Choline is a crucial nutrient for gut, skin, neurological, and cellular health. Yet, according to the 2003-2004 National Health and Nutritional Examination Survey (NHANES), only 10 percent of Americans consistently meet the adequate intake for choline (1).
Choline also plays essential roles during growth and development, and the body’s need for choline increases during pregnancy. The amniotic fluid surrounding the baby in the womb is highly enriched with 14 times the level of choline found in the mother’s blood (2). Sadly, an estimate from 2014 indicates that 90 to 95 percent of women fail to meet recommended choline intakes during pregnancy (3).
Additionally, new research has identified human gut bacteria that can compete with the host for choline. This means that those with gut dysbiosis, and particularly those with small intestinal bacterial overgrowth (SIBO), could be at risk for choline deficiency, even if they are consuming choline-rich foods or taking choline supplements.
In this article, I’ll cover all of the relevant research surrounding choline for general health and pregnancy, including the role of our gut microbes, and discuss how we can use this information to optimize choline status.
The importance of choline
Choline carries out many important functions in the body. It is an essential component of phospholipids, which make up the structure of cell membranes. Choline is also a precursor to the neurotransmitter acetylcholine, which plays roles in memory, circadian rhythms, and muscle control, and sphingomyelin, which is found in the fatty sheath around nerve fibers and improves the conduction of electrical impulses. The transport of fat and cholesterol from the liver also requires choline, and deficiency can lead to non-alcoholic fatty liver disease (NAFLD) (4).
9 out of 10 Americans don’t get enough choline, and deficiency may be especially harmful during pregnancy. Certain gut microbes could prevent proper choline absorption. Learn how to optimize your choline status to support overall health.

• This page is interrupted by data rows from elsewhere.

(* Let $S=S(\lambda_1,\ldots,\lambda_d)$ be a spider whose number of vertices $n=1+\lambda_1+\cdots+\lambda_d$ is even, and let $j$ be the number of legs of odd length (necessarily $j$ is odd). Then $$[e_{(2^{n/2})}]X_S=(-1)^{\frac{j-1}{2}}\cdot 2.$$
   Context: A spider $S(\lambda_1,\ldots,\lambda_d)$, for positive integers $\lambda_1,\ldots,\lambda_d$, is the tree consisting of a vertex $v$ (the center) together with $d$ vertex-disjoint paths (legs) having $\lambda_1,\ldots,\lambda_d$ vertices respectively, where $v$ is joined by an edge to one endpoint of each leg; the length of the $i$-th leg is $\lambda_i$. $(2^{k})$ is the partition with $k$ parts equal to $2$. The chromatic symmetric function of $G$ is $X_G=\sum_\kappa \prod_{v} x_{\kappa(v)}$ over proper colorings $\kappa$, and $[e_\mu]X_G$ denotes the coefficient of $e_\mu$ in the expansion of $X_G$ in elementary symmetric functions. *)

theory Defs
  imports "HOL-Library.FuncSet"
begin

text \<open>A finite simple graph is given by a vertex set V and a symmetric irreflexive
adjacency relation E. Colours are natural numbers (variables x_0, x_1, ...).\<close>

definition proper_colorings :: "'a set \<Rightarrow> ('a \<Rightarrow> 'a \<Rightarrow> bool) \<Rightarrow> ('a \<Rightarrow> nat) set" where
  "proper_colorings V E =
     {\<kappa> \<in> V \<rightarrow>\<^sub>E (UNIV :: nat set). \<forall>v\<in>V. \<forall>w\<in>V. E v w \<longrightarrow> \<kappa> v \<noteq> \<kappa> w}"

text \<open>Coefficient of the monomial prod_i x_i^(alpha i) in X_G.\<close>
definition X_coeff :: "'a set \<Rightarrow> ('a \<Rightarrow> 'a \<Rightarrow> bool) \<Rightarrow> (nat \<Rightarrow> nat) \<Rightarrow> nat" where
  "X_coeff V E \<alpha> = card {\<kappa> \<in> proper_colorings V E. \<forall>i. card {v \<in> V. \<kappa> v = i} = \<alpha> i}"

definition partitions :: "nat \<Rightarrow> nat list set" where
  "partitions n = {\<mu>. sorted_wrt (\<ge>) \<mu> \<and> (\<forall>x\<in>set \<mu>. 0 < x) \<and> sum_list \<mu> = n}"

text \<open>Coefficient of the monomial prod_i x_i^(alpha i) in
  e_mu = prod_r e_(mu_r): choose for each part r a set S r of mu_r distinct variables.\<close>
definition e_mono :: "nat list \<Rightarrow> (nat \<Rightarrow> nat) \<Rightarrow> nat" where
  "e_mono \<mu> \<alpha> = card {S :: nat \<Rightarrow> nat set.
      (\<forall>r < length \<mu>. finite (S r) \<and> card (S r) = \<mu> ! r) \<and>
      (\<forall>r. length \<mu> \<le> r \<longrightarrow> S r = {}) \<and>
      (\<forall>i. card {r. r < length \<mu> \<and> i \<in> S r} = \<alpha> i)}"

text \<open>a is the family of coefficients of the e-expansion X_G = sum_mu a_mu e_mu
  (mu ranging over partitions of n = |V|).\<close>
definition e_expansion :: "'a set \<Rightarrow> ('a \<Rightarrow> 'a \<Rightarrow> bool) \<Rightarrow> (nat list \<Rightarrow> int) \<Rightarrow> bool" where
  "e_expansion V E a \<longleftrightarrow>
     (\<forall>\<mu>. \<mu> \<notin> partitions (card V) \<longrightarrow> a \<mu> = 0) \<and>
     (\<forall>\<alpha>. finite {i. \<alpha> i \<noteq> 0} \<longrightarrow>
        int (X_coeff V E \<alpha>) = (\<Sum>\<mu>\<in>partitions (card V). a \<mu> * int (e_mono \<mu> \<alpha>)))"

definition e_coeff :: "'a set \<Rightarrow> ('a \<Rightarrow> 'a \<Rightarrow> bool) \<Rightarrow> nat list \<Rightarrow> int" where
  "e_coeff V E \<mu> = (THE a. e_expansion V E a) \<mu>"

text \<open>Spider S(lam_1,...,lam_d): centre (0,0); leg i (i < d) has vertices (i+1,t), 1 \<le> t \<le> lam_i;
  the centre is joined to (i+1,1), and (i+1,t) is joined to (i+1,t+1).\<close>
definition spider_V :: "nat list \<Rightarrow> (nat \<times> nat) set" where
  "spider_V lam = insert (0,0) {(Suc i, t) | i t. i < length lam \<and> 1 \<le> t \<and> t \<le> lam ! i}"

definition spider_adj :: "nat list \<Rightarrow> nat \<times> nat \<Rightarrow> nat \<times> nat \<Rightarrow> bool" where
  "spider_adj lam u v \<longleftrightarrow>
     (u = (0,0) \<and> (\<exists>i < length lam. v = (Suc i, 1))) \<or>
     (fst u = fst v \<and> 1 \<le> fst u \<and> snd v = Suc (snd u))"

definition spider_E :: "nat list \<Rightarrow> nat \<times> nat \<Rightarrow> nat \<times> nat \<Rightarrow> bool" where
  "spider_E lam u v \<longleftrightarrow> u \<in> spider_V lam \<and> v \<in> spider_V lam \<and>
     (spider_adj lam u v \<or> spider_adj lam v u)"

end

theory Submission
  imports Defs "HOL-Combinatorics.Permutations"
begin

text \<open>The e-expansion of X_G exists and is unique for every finite graph (e_coeff is a definite
  description, so this is needed) by unitriangularity: the coefficient of x^\<mu>' in e_\<nu> is 1 for
  \<nu> = \<mu> and vanishes unless \<mu>' is dominated by \<nu>', and both X_G and every e_\<nu> are symmetric and
  vanish on monomials whose sorted exponent vector is not a partition of n.

  The coefficient of e_(2^k) is then read off by evaluating at x_0 = 1, x_1 = -1, x_i = 0 (i \<ge> 2).
  This sends e_1 and all e_r with r \<ge> 3 to 0 and e_2 to -1, so it kills every e_\<mu> except e_(2^k),
  which becomes (-1)^k; on X_G it gives the signed count of the proper colourings with colours 0, 1.
  A spider is a tree and has exactly two such colourings, by the parity of the distance from the
  centre. Up to complementation both have a colour class of h = \<Sum> \<lceil>\<lambda>_i/2\<rceil> = (n - 1 + j)/2
  vertices, so [e_(2^k)] X_S = 2 (-1)^(k + h) = 2 (-1)^((j - 1)/2).\<close>

lemma mem_iff_less_card_if_downclosed:
  fixes A :: "nat set"
  assumes "finite A" and "\<And>x y. x \<in> A \<Longrightarrow> y \<le> x \<Longrightarrow> y \<in> A"
  shows "x \<in> A \<longleftrightarrow> x < card A"
proof (cases "A = {}")
  case False
  have "Max A \<in> A" using assms(1) False by simp
  then have A: "A = {..Max A}" using assms by (auto intro: Max_ge)
  then have "card A = Suc (Max A)" by (metis card_atMost)
  then show ?thesis by (subst A) auto
qed simp

lemma sum_card_filter_swap:
  assumes "finite A" and "finite B"
  shows "(\<Sum>i\<in>A. card {r\<in>B. P r i}) = (\<Sum>r\<in>B. card {i\<in>A. P r i})"
proof -
  have "(\<Sum>i\<in>A. card {r\<in>B. P r i}) = (\<Sum>i\<in>A. \<Sum>r\<in>B. if P r i then 1 else 0)"
    using assms(2) by (simp add: sum.inter_filter[symmetric])
  also have "\<dots> = (\<Sum>r\<in>B. \<Sum>i\<in>A. if P r i then 1 else 0)"
    by (rule sum.swap)
  also have "\<dots> = (\<Sum>r\<in>B. card {i\<in>A. P r i})"
    using assms(1) by (simp add: sum.inter_filter[symmetric])
  finally show ?thesis .
qed

lemma sum_signed_card_fibres:
  assumes "finite S" and "\<And>x. x \<in> S \<Longrightarrow> z x \<le> n"
  shows "(\<Sum>a\<le>n. (-1::int) ^ (n - a) * int (card {x\<in>S. z x = a})) = (\<Sum>x\<in>S. (-1) ^ (n - z x))"
proof -
  have "(\<Sum>x\<in>S. (-1::int) ^ (n - z x)) = (\<Sum>a\<le>n. \<Sum>x\<in>{x\<in>S. z x = a}. (-1) ^ (n - z x))"
    using assms by (intro sum.group[symmetric]) auto
  also have "\<dots> = (\<Sum>a\<le>n. \<Sum>x\<in>{x\<in>S. z x = a}. (-1) ^ (n - a))"
    by (intro sum.cong refl) auto
  finally show ?thesis by (simp add: mult.commute)
qed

Choline is also an important source of methyl groups. The addition of methyl groups to the DNA structure can turn genes on or off without any changes to underlying DNA sequence, a process known as epigenetics. Epigenetics plays an important role in health throughout life but is particularly important during growth and development, as fetal stem cells divide and differentiate into organs with all kinds of complex cellular functions. Changes in DNA methylation have been associated with cancer, aging, cognitive disabilities, atherosclerosis, and autoimmunity (5).
In utero, choline status also has implications for the structural development of the hippocampus, the primary brain region responsible for learning and memory (6). Poor maternal choline status may also increase the risk of neural tube defects and impair development of the heart (7).
So how much choline do we need?
Unfortunately, there is still a lack of consensus on exactly how much choline we need. The Institute of Medicine, which establishes the RDAs for nutrients based on peer-reviewed studies, has been unable to come up with a definitive value for choline needs and has had to resort to establishing an “Adequate Intake” value for choline (8). This is sort of a “best guess” as to how much choline might be sufficient for most people.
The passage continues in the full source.